**Goal of the exercise:** Look below for the line containing "with assms(1) show ?thesis by"; from there, print each line exactly up to and including the line containing "by (auto simp: trans_def", and stop.

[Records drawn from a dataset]
lemma integral_hom_poly_mult_uxx:
  assumes "i < m" "t \<in> {0<..<T}"
  shows "integral {0..L} (\<lambda>x. hom_poly m (Suc k) a (\<lambda>j. u j x t) * uxx i x t)
    = - integral {0..L} (\<lambda>x. (\<Sum>j<m. ux j x t * hom_poly m k (partial_coeffs j a) (\<lambda>j. u j x t)) * ux i x t)"
proof (rule integration_by_parts_vanishing)
  show "((\<lambda>x. hom_poly m (Suc k) a (\<lambda>j. u j x t)) has_real_derivative
      (\<Sum>j<m. ux j x t * hom_poly m k (partial_coeffs j a) (\<lambda>j. u j x t))) (at x within {0..L})"
    if "x \<in> {0..L}" for x
    using that assms has_derivative_x by (intro hom_poly_has_real_derivative) auto
  show "continuous_on {0..L} (\<lambda>x. \<Sum>j<m. ux j x t * hom_poly m k (partial_coeffs j a) (\<lambda>j. u j x t))"
    using assms continuous_on_slices by (auto intro!: continuous_intros)
qed (use assms L_pos has_derivative_xx neumann continuous_on_slices in auto)

lemma reaction_rows_le_AE:
  fixes A :: "nat \<Rightarrow> nat \<Rightarrow> real"
  assumes bound: "\<And>i v x s. i < m \<Longrightarrow> (\<And>j. j < m \<Longrightarrow> 0 \<le> v j) \<Longrightarrow> x \<in> {0<..<L} \<Longrightarrow> 0 \<le> s \<Longrightarrow>
      (\<Sum>j\<le>i. A i j * f j x s v) \<le> C * (1 + (\<Sum>j<m. v j)) powr r"
    and "i < m"
  shows "AE z in lborel. z \<in> {0<..<L} \<times> {0<..<T} \<longrightarrow>
    (\<Sum>j\<le>i. A i j * (ut j (fst z) (snd z) - d j * uxx j (fst z) (snd z)))
      \<le> C * (1 + (\<Sum>j<m. u j (fst z) (snd z))) powr r"
proof -
  have "AE z in lborel. \<forall>j\<in>{..<m}. z \<in> {0<..<L} \<times> {0<..<T} \<longrightarrow>
      ut j (fst z) (snd z) - d j * uxx j (fst z) (snd z) = f j (fst z) (snd z) (\<lambda>k. u k (fst z) (snd z))"
    using equation by (intro AE_finite_allI) auto
  then show ?thesis
  proof (rule AE_mp[OF _ AE_I2], intro impI)
    fix z assume eq: "\<forall>j\<in>{..<m}. z \<in> {0<..<L} \<times> {0<..<T} \<longrightarrow>
        ut j (fst z) (snd z) - d j * uxx j (fst z) (snd z) = f j (fst z) (snd z) (\<lambda>k. u k (fst z) (snd z))"
      and z: "z \<in> {0<..<L} \<times> {0<..<T}"
    have "(\<Sum>j\<le>i. A i j * (ut j (fst z) (snd z) - d j * uxx j (fst z) (snd z)))
        = (\<Sum>j\<le>i. A i j * f j (fst z) (snd z) (\<lambda>k. u k (fst z) (snd z)))"
      using eq z \<open>i < m\<close> by (intro sum.cong) auto
    also have "\<dots> \<le> C * (1 + (\<Sum>j<m. u j (fst z) (snd z))) powr r"
      using z nonneg \<open>i < m\<close> by (intro bound) auto
    finally show "(\<Sum>j\<le>i. A i j * (ut j (fst z) (snd z) - d j * uxx j (fst z) (snd z)))
        \<le> C * (1 + (\<Sum>j<m. u j (fst z) (snd z))) powr r" .
  qed
qed

text \<open>The equation only holds almost everywhere and \<open>f\<close> need not be continuous, but the bound
  transfers to every point because its left-hand side is continuous.\<close>
lemma reaction_rows_le:
  fixes A :: "nat \<Rightarrow> nat \<Rightarrow> real"
  assumes bound: "\<And>i v x s. i < m \<Longrightarrow> (\<And>j. j < m \<Longrightarrow> 0 \<le> v j) \<Longrightarrow> x \<in> {0<..<L} \<Longrightarrow> 0 \<le> s \<Longrightarrow>
      (\<Sum>j\<le>i. A i j * f j x s v) \<le> C * (1 + (\<Sum>j<m. v j)) powr r"
    and "i < m" "x \<in> {0<..<L}" "t \<in> {0<..<T}"
  shows "(\<Sum>j\<le>i. A i j * (ut j x t - d j * uxx j x t)) \<le> C * (1 + (\<Sum>j<m. u j x t)) powr r"
proof -
  let ?S = "{0<..<L} \<times> {0<..<T}"
  let ?h = "\<lambda>z. (\<Sum>j\<le>i. A i j * (ut j (fst z) (snd z) - d j * uxx j (fst z) (snd z)))
      - C * (1 + (\<Sum>j<m. u j (fst z) (snd z))) powr r"
  have sub: "?S \<subseteq> {0..L} \<times> {0<..<T}"
    by auto
  have "continuous_on ?S (\<lambda>z. u j (fst z) (snd z))" "continuous_on ?S (\<lambda>z. ut j (fst z) (snd z))"
    "continuous_on ?S (\<lambda>z. uxx j (fst z) (snd z))" if "j < m" for j
    by (rule continuous_on_subset[OF _ sub], use that continuous_u continuous_ut continuous_uxx in blast)+
  moreover have "0 < 1 + (\<Sum>j<m. u j (fst z) (snd z))" if "z \<in> ?S" for z
    using that nonneg by (auto intro!: add_pos_nonneg sum_nonneg)
  ultimately have "continuous_on ?S ?h"
    using \<open>i < m\<close> by (auto intro!: continuous_intros simp: less_imp_neq[THEN not_sym])
  moreover have "AE z in lborel. z \<in> ?S \<longrightarrow> ?h z \<le> 0"
  proof -
    have "AE z in lborel. z \<in> ?S \<longrightarrow>
        (\<Sum>j\<le>i. A i j * (ut j (fst z) (snd z) - d j * uxx j (fst z) (snd z)))
          \<le> C * (1 + (\<Sum>j<m. u j (fst z) (snd z))) powr r"
      by (rule reaction_rows_le_AE) (use bound \<open>i < m\<close> in auto)
    then show ?thesis
      by eventually_elim simp
  qed
  ultimately have "?h (x, t) \<le> 0"
    by (rule AE_le_zero_imp_le_zero_continuous[rotated]) (use assms in \<open>auto intro: open_Times\<close>)
  then show ?thesis
    by simp
qed
(* Let $P$ be a positive, completely labelled causal logic program and $\pi(p)$ a proof of atom $p$ with respect to $P$. Then $\mathrm{graph}(\pi(p))\in T_P\!\uparrow\!h(p)$, where $h=\mathrm{height}(\pi(p))$.
   Context: Causal graphs: reflexively–transitively closed directed graphs on labels; $G\le G'$ iff $G\supseteq G'$; $G*G'=(G\cup G')^*$, $G\cdot G'$ the closure of the graph with vertices $V\cup V'$ and edges $E\cup E'\cup(V\times V')$. Causal values: down-sets of causal graphs; $*$ intersection, $+$ union, $U\cdot U'={\downarrow}\{G\cdot G'\}$; label $l$ denotes ${\downarrow}$ of the graph with only edge $(l,l)$. Positive completely labelled program: rules $l:H\leftarrow B_1,\dots,B_n$ with atoms $B_i$, every rule labelled, labels pairwise distinct. $T_P(I)(p)=\sum\{(I(B_1)*\dots*I(B_n))\cdot t\mid(t:p\leftarrow B_1,\dots,B_n)\in P\}$; $T_P\!\uparrow\!0=$ all atoms $0$, $T_P\!\uparrow\!(k+1)=T_P(T_P\!\uparrow\!k)$. A proof of $p$ is a derivation tree $\frac{\pi(B_1)\cdots\pi(B_n)}{p}(R)$ with $R\in P$ of head $p$ and body $\{B_1,\dots,B_n\}$ (antecedent $\top$ if $n=0$). $\mathrm{graph}(\pi)$ is the reflexive–transitive closure of the graph whose vertices are the labels of all rules used in $\pi$ and which has, for each sub-derivation using a rule labelled $m$ with immediate subproofs whose last rules are labelled $l_i$, the edges $(l_i,m)$. $\mathrm{height}(\pi)=1+\max\{\mathrm{height}(\pi')\mid\pi'\text{ an immediate subproof of }\pi\}$, with height $1$ when the antecedent is $\top$. *)

theory Defs
  imports Main
begin

text \<open>A causal graph is represented by its edge relation; vertices are the
field of the relation (every vertex carries its reflexive loop).  It must be
reflexively-transitively closed on its vertices.\<close>

definition causal_graph :: "('l \<times> 'l) set \<Rightarrow> bool" where
  "causal_graph G \<longleftrightarrow> trans G \<and> Id_on (Field G) \<subseteq> G"

definition gclose :: "'l set \<Rightarrow> ('l \<times> 'l) set \<Rightarrow> ('l \<times> 'l) set" where
  "gclose V E = E\<^sup>+ \<union> Id_on V"

definition cg_le :: "('l \<times> 'l) set \<Rightarrow> ('l \<times> 'l) set \<Rightarrow> bool" where
  "cg_le G G' \<longleftrightarrow> G' \<subseteq> G"

definition cg_prod :: "('l \<times> 'l) set \<Rightarrow> ('l \<times> 'l) set \<Rightarrow> ('l \<times> 'l) set" where
  "cg_prod G G' = gclose (Field G \<union> Field G') (G \<union> G' \<union> (Field G \<times> Field G'))"

definition down :: "('l \<times> 'l) set set \<Rightarrow> ('l \<times> 'l) set set" where
  "down D = {G'. causal_graph G' \<and> (\<exists>G\<in>D. cg_le G' G)}"

definition val_one :: "('l \<times> 'l) set set" where
  "val_one = {G. causal_graph G}"

definition val_zero :: "('l \<times> 'l) set set" where
  "val_zero = {}"

definition val_prod :: "('l \<times> 'l) set set \<Rightarrow> ('l \<times> 'l) set set \<Rightarrow> ('l \<times> 'l) set set" where
  "val_prod U U' = down {cg_prod G G' | G G'. G \<in> U \<and> G' \<in> U'}"

definition lab_val :: "'l \<Rightarrow> ('l \<times> 'l) set set" where
  "lab_val l = down {{(l, l)}}"

datatype ('a, 'l) rule = Rule (rlabel: 'l) (rhead: 'a) (rbody: "'a list")

definition completely_labelled :: "('a, 'l) rule set \<Rightarrow> bool" where
  "completely_labelled P \<longleftrightarrow> (\<forall>r1\<in>P. \<forall>r2\<in>P. rlabel r1 = rlabel r2 \<longrightarrow> r1 = r2)"

text \<open>Product (intersection) of the values of the body atoms; empty product is 1.\<close>
definition body_val :: "('a \<Rightarrow> ('l \<times> 'l) set set) \<Rightarrow> 'a list \<Rightarrow> ('l \<times> 'l) set set" where
  "body_val I bs = val_one \<inter> (\<Inter>b\<in>set bs. I b)"

definition TP :: "('a, 'l) rule set \<Rightarrow> ('a \<Rightarrow> ('l \<times> 'l) set set) \<Rightarrow> 'a \<Rightarrow> ('l \<times> 'l) set set" where
  "TP P I p = (\<Union>{val_prod (body_val I (rbody r)) (lab_val (rlabel r)) | r. r \<in> P \<and> rhead r = p})"

definition TP_iter :: "('a, 'l) rule set \<Rightarrow> nat \<Rightarrow> 'a \<Rightarrow> ('l \<times> 'l) set set" where
  "TP_iter P k = (TP P ^^ k) (\<lambda>_. val_zero)"

datatype ('a, 'l) ptree = Node "('a, 'l) rule" "('a, 'l) ptree list"

fun root_rule :: "('a, 'l) ptree \<Rightarrow> ('a, 'l) rule" where
  "root_rule (Node R _) = R"

fun is_proof :: "('a, 'l) rule set \<Rightarrow> 'a \<Rightarrow> ('a, 'l) ptree \<Rightarrow> bool" where
  "is_proof P p (Node R subs) \<longleftrightarrow>
     R \<in> P \<and> rhead R = p \<and> list_all2 (\<lambda>b s. is_proof P b s) (rbody R) subs"

fun prf_labels :: "('a, 'l) ptree \<Rightarrow> 'l set" where
  "prf_labels (Node R subs) = insert (rlabel R) (\<Union>s\<in>set subs. prf_labels s)"

fun prf_edges :: "('a, 'l) ptree \<Rightarrow> ('l \<times> 'l) set" where
  "prf_edges (Node R subs) =
     {(rlabel (root_rule s), rlabel R) | s. s \<in> set subs} \<union> (\<Union>s\<in>set subs. prf_edges s)"

definition prf_graph :: "('a, 'l) ptree \<Rightarrow> ('l \<times> 'l) set" where
  "prf_graph \<pi> = gclose (prf_labels \<pi>) (prf_edges \<pi>)"

fun height :: "('a, 'l) ptree \<Rightarrow> nat" where
  "height (Node R subs) = Suc (fold max (map height subs) 0)"

end

theory Submission
  imports Defs
begin

text \<open>Induction on the proof tree, proving the stronger claim that the graph of a proof of
height at most k already lies in the k-th iterate.  For a proof whose last rule R is labelled l,
let G be the closure of the union of the graphs of its immediate subproofs.  By induction each
subgraph lies in the (k-1)-th iterate at its body atom; since values are down-sets and G is a
larger graph, so does G.  Hence G \<cdot> l is in T_P applied to the (k-1)-th iterate, and the proof
graph contains G \<cdot> l, because every label of a subproof reaches l along the proof's edges.\<close>

lemma gclose_Field: "Field E \<subseteq> V \<Longrightarrow> Field (gclose V E) = V"
  unfolding gclose_def Field_def
  by (auto simp: Id_on_def)
    (metis Domain.intros trancl_domain subsetD, metis Range.intros trancl_range subsetD)

lemma trans_gclose: "trans (gclose V E)"
  unfolding gclose_def trans_def by (auto intro: trancl_trans)

lemma causal_graph_gclose: "Field E \<subseteq> V \<Longrightarrow> causal_graph (gclose V E)"
  unfolding causal_graph_def using trans_gclose gclose_Field
  by (metis Un_upper2 gclose_def)

lemma gclose_mono: "V \<subseteq> W \<Longrightarrow> E \<subseteq> F \<Longrightarrow> gclose V E \<subseteq> gclose W F"
  unfolding gclose_def using trancl_mono by blast

lemma gclose_least:
  assumes "E \<subseteq> H" and "trans H" and "Id_on V \<subseteq> H"
  shows "gclose V E \<subseteq> H"
proof -
  have "E\<^sup>+ \<subseteq> H\<^sup>+" using assms(1) trancl_mono by blast
  then have "E\<^sup>+ \<subseteq> H" using trancl_id[OF \<open>trans H\<close>] by simp
  with assms(3) show ?thesis unfolding gclose_def by blast
qed

lemma root_label_in_prf_labels: "rlabel (root_rule \<pi>) \<in> prf_labels \<pi>"
  by (cases \<pi>) auto

lemma Field_prf_edges: "Field (prf_edges \<pi>) \<subseteq> prf_labels \<pi>"
proof (induction \<pi>)
  case (Node R subs)
  then show ?case
    using root_label_in_prf_labels unfolding Field_def by fastforce
qed

lemma prf_labels_reach_root:
  "v \<in> prf_labels \<pi> \<Longrightarrow> (v, rlabel (root_rule \<pi>)) \<in> (prf_edges \<pi>)\<^sup>*"
proof (induction \<pi> arbitrary: v)
  case (Node R subs)
  show ?case
  proof (cases "v = rlabel R")
    case False
    then obtain s where s: "s \<in> set subs" "v \<in> prf_labels s" using Node.prems by auto
    have "(v, rlabel (root_rule s)) \<in> (prf_edges (Node R subs))\<^sup>*"
      using Node.IH[OF s] rtrancl_mono[of "prf_edges s" "prf_edges (Node R subs)"] s(1) by auto
    moreover have "(rlabel (root_rule s), rlabel R) \<in> prf_edges (Node R subs)" using s(1) by auto
    ultimately show ?thesis by (simp add: rtrancl_into_rtrancl)
  qed simp
qed

lemma causal_graph_prf_graph: "causal_graph (prf_graph \<pi>)"
  unfolding prf_graph_def by (rule causal_graph_gclose[OF Field_prf_edges])

definition forest_graph :: "('a, 'l) ptree list \<Rightarrow> ('l \<times> 'l) set" where
  "forest_graph subs = gclose (\<Union>s\<in>set subs. prf_labels s) (\<Union>s\<in>set subs. prf_edges s)"

lemma Field_UN_prf_edges:
  "Field (\<Union>s\<in>S. prf_edges s) \<subseteq> (\<Union>s\<in>S. prf_labels s)"
  using Field_prf_edges by (fastforce simp: Field_def)

lemma Field_forest_graph: "Field (forest_graph subs) = (\<Union>s\<in>set subs. prf_labels s)"
  unfolding forest_graph_def by (rule gclose_Field[OF Field_UN_prf_edges])

lemma causal_graph_forest_graph: "causal_graph (forest_graph subs)"
  unfolding forest_graph_def by (rule causal_graph_gclose[OF Field_UN_prf_edges])

lemma prf_graph_subset_forest_graph: "s \<in> set subs \<Longrightarrow> prf_graph s \<subseteq> forest_graph subs"
  unfolding prf_graph_def forest_graph_def by (rule gclose_mono) auto

lemma cg_prod_forest_graph_subset:
  "cg_prod (forest_graph subs) {(rlabel R, rlabel R)} \<subseteq> prf_graph (Node R subs)"
proof -
  let ?l = "rlabel R" and ?H = "prf_graph (Node R subs)"
  have "forest_graph subs \<subseteq> ?H"
    unfolding forest_graph_def prf_graph_def by (rule gclose_mono) auto
  moreover have "(v, ?l) \<in> ?H" if v: "v \<in> Field (forest_graph subs)" for v
  proof -
    obtain s where s: "s \<in> set subs" "v \<in> prf_labels s"
      using v by (auto simp: Field_forest_graph)
    have "(v, rlabel (root_rule s)) \<in> (prf_edges (Node R subs))\<^sup>*"
      using prf_labels_reach_root[OF s(2)] rtrancl_mono[of "prf_edges s" "prf_edges (Node R subs)"]
        s(1) by auto
    moreover have "(rlabel (root_rule s), ?l) \<in> prf_edges (Node R subs)" using s(1) by auto
    ultimately have "(v, ?l) \<in> (prf_edges (Node R subs))\<^sup>+" by (rule rtrancl_into_trancl1)
    then show ?thesis unfolding prf_graph_def gclose_def by auto
  qed
  moreover have "(?l, ?l) \<in> ?H" unfolding prf_graph_def gclose_def by auto
  moreover have "Field (forest_graph subs) \<union> Field {(?l, ?l)} = prf_labels (Node R subs)"
    by (simp add: Field_forest_graph)
  ultimately have "forest_graph subs \<union> {(?l, ?l)}
      \<union> Field (forest_graph subs) \<times> Field {(?l, ?l)} \<subseteq> ?H"
    by (auto simp: Field_def)
  moreover have "Id_on (prf_labels (Node R subs)) \<subseteq> ?H"
    unfolding prf_graph_def gclose_def by blast
  ultimately show ?thesis
    unfolding cg_prod_def \<open>Field (forest_graph subs) \<union> Field {(?l, ?l)} = _\<close>
    by (intro gclose_least) (simp_all add: prf_graph_def trans_gclose)
qed

text \<open>Values are down-sets for the reversed inclusion order on graphs, so they are closed
under passing to larger edge sets.\<close>

lemma down_memI: "G \<in> D \<Longrightarrow> causal_graph H \<Longrightarrow> G \<subseteq> H \<Longrightarrow> H \<in> down D"
  unfolding down_def cg_le_def by auto

lemma down_superset: "G \<in> down D \<Longrightarrow> causal_graph H \<Longrightarrow> G \<subseteq> H \<Longrightarrow> H \<in> down D"
  unfolding down_def cg_le_def by auto

lemma TP_iter_Suc: "TP_iter P (Suc k) = TP P (TP_iter P k)"
  unfolding TP_iter_def by simp

lemma TP_iter_superset:
  assumes "G \<in> TP_iter P k q" and "causal_graph H" and "G \<subseteq> H"
  shows "H \<in> TP_iter P k q"
proof (cases k)
  case 0
  with assms(1) show ?thesis by (simp add: TP_iter_def val_zero_def)
next
  case (Suc m)
  with assms show ?thesis
    unfolding Suc TP_iter_Suc TP_def val_prod_def using down_superset by blast
qed

lemma label_graph_in_lab_val: "{(l, l)} \<in> lab_val l"
  unfolding lab_val_def down_def cg_le_def causal_graph_def
  by (auto simp: trans_def Field_def Id_on_def)

lemma TP_memI:
  assumes "R \<in> P" and "G \<in> body_val I (rbody R)"
    and "causal_graph H" and "cg_prod G {(rlabel R, rlabel R)} \<subseteq> H"
  shows "H \<in> TP P I (rhead R)"
proof -
  have "cg_prod G {(rlabel R, rlabel R)}
      \<in> {cg_prod G G' | G G'. G \<in> body_val I (rbody R) \<and> G' \<in> lab_val (rlabel R)}"
    using assms(2) label_graph_in_lab_val[of "rlabel R"] by blast
  then have "H \<in> val_prod (body_val I (rbody R)) (lab_val (rlabel R))"
    unfolding val_prod_def using assms(3,4) by (rule down_memI)
  with assms(1) show ?thesis unfolding TP_def by blast
qed

lemma fold_max_upper: "(x::'a::linorder) \<in> set xs \<Longrightarrow> x \<le> fold max xs a"
  unfolding Max.set_eq_fold[symmetric] by simp

lemma height_subproof_less: "s \<in> set subs \<Longrightarrow> height s < height (Node R subs)"
  using fold_max_upper[of "height s" "map height subs" 0] by (simp add: le_imp_less_Suc)

lemma prf_graph_in_TP_iter:
  "is_proof P p \<pi> \<Longrightarrow> height \<pi> \<le> k \<Longrightarrow> prf_graph \<pi> \<in> TP_iter P k p"
proof (induction \<pi> arbitrary: p k)
  case (Node R subs)
  then obtain k' where k: "k = Suc k'" by (cases k) auto
  have R: "R \<in> P" "rhead R = p" and subs: "list_all2 (is_proof P) (rbody R) subs"
    using Node.prems(1) by auto
  have "forest_graph subs \<in> TP_iter P k' b" if b: "b \<in> set (rbody R)" for b
  proof -
    obtain i where i: "i < length (rbody R)" "rbody R ! i = b"
      using b by (auto simp: in_set_conv_nth)
    let ?s = "subs ! i"
    have s: "?s \<in> set subs" "is_proof P b ?s"
      using i subs by (auto simp: list_all2_conv_all_nth)
    have "height ?s \<le> k'" using height_subproof_less[OF s(1)] Node.prems(2) k by simp
    then have "prf_graph ?s \<in> TP_iter P k' b" using Node.IH[OF s] by simp
    then show ?thesis
      using causal_graph_forest_graph prf_graph_subset_forest_graph[OF s(1)]
      by (rule TP_iter_superset)
  qed
  then have "forest_graph subs \<in> body_val (TP_iter P k') (rbody R)"
    unfolding body_val_def val_one_def using causal_graph_forest_graph by blast
  then show ?case
    unfolding k TP_iter_Suc R(2)[symmetric]
    by (rule TP_memI[OF R(1) _ causal_graph_prf_graph cg_prod_forest_graph_subset])
qed

theorem mainTheorem19:
  fixes P :: "('a, 'l) rule set" and p :: 'a and \<pi> :: "('a, 'l) ptree"
  assumes "completely_labelled P"
    and "is_proof P p \<pi>"
  shows "prf_graph \<pi> \<in> TP_iter P (height \<pi>) p"
  using prf_graph_in_TP_iter[OF assms(2) order_refl] .

end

**Solution to this problem:**
  with assms(1) show ?thesis by (simp add: TP_iter_def val_zero_def)
next
  case (Suc m)
  with assms show ?thesis
    unfolding Suc TP_iter_Suc TP_def val_prod_def using down_superset by blast
qed

lemma label_graph_in_lab_val: "{(l, l)} \<in> lab_val l"
  unfolding lab_val_def down_def cg_le_def causal_graph_def
  by (auto simp: trans_def Field_def Id_on_def)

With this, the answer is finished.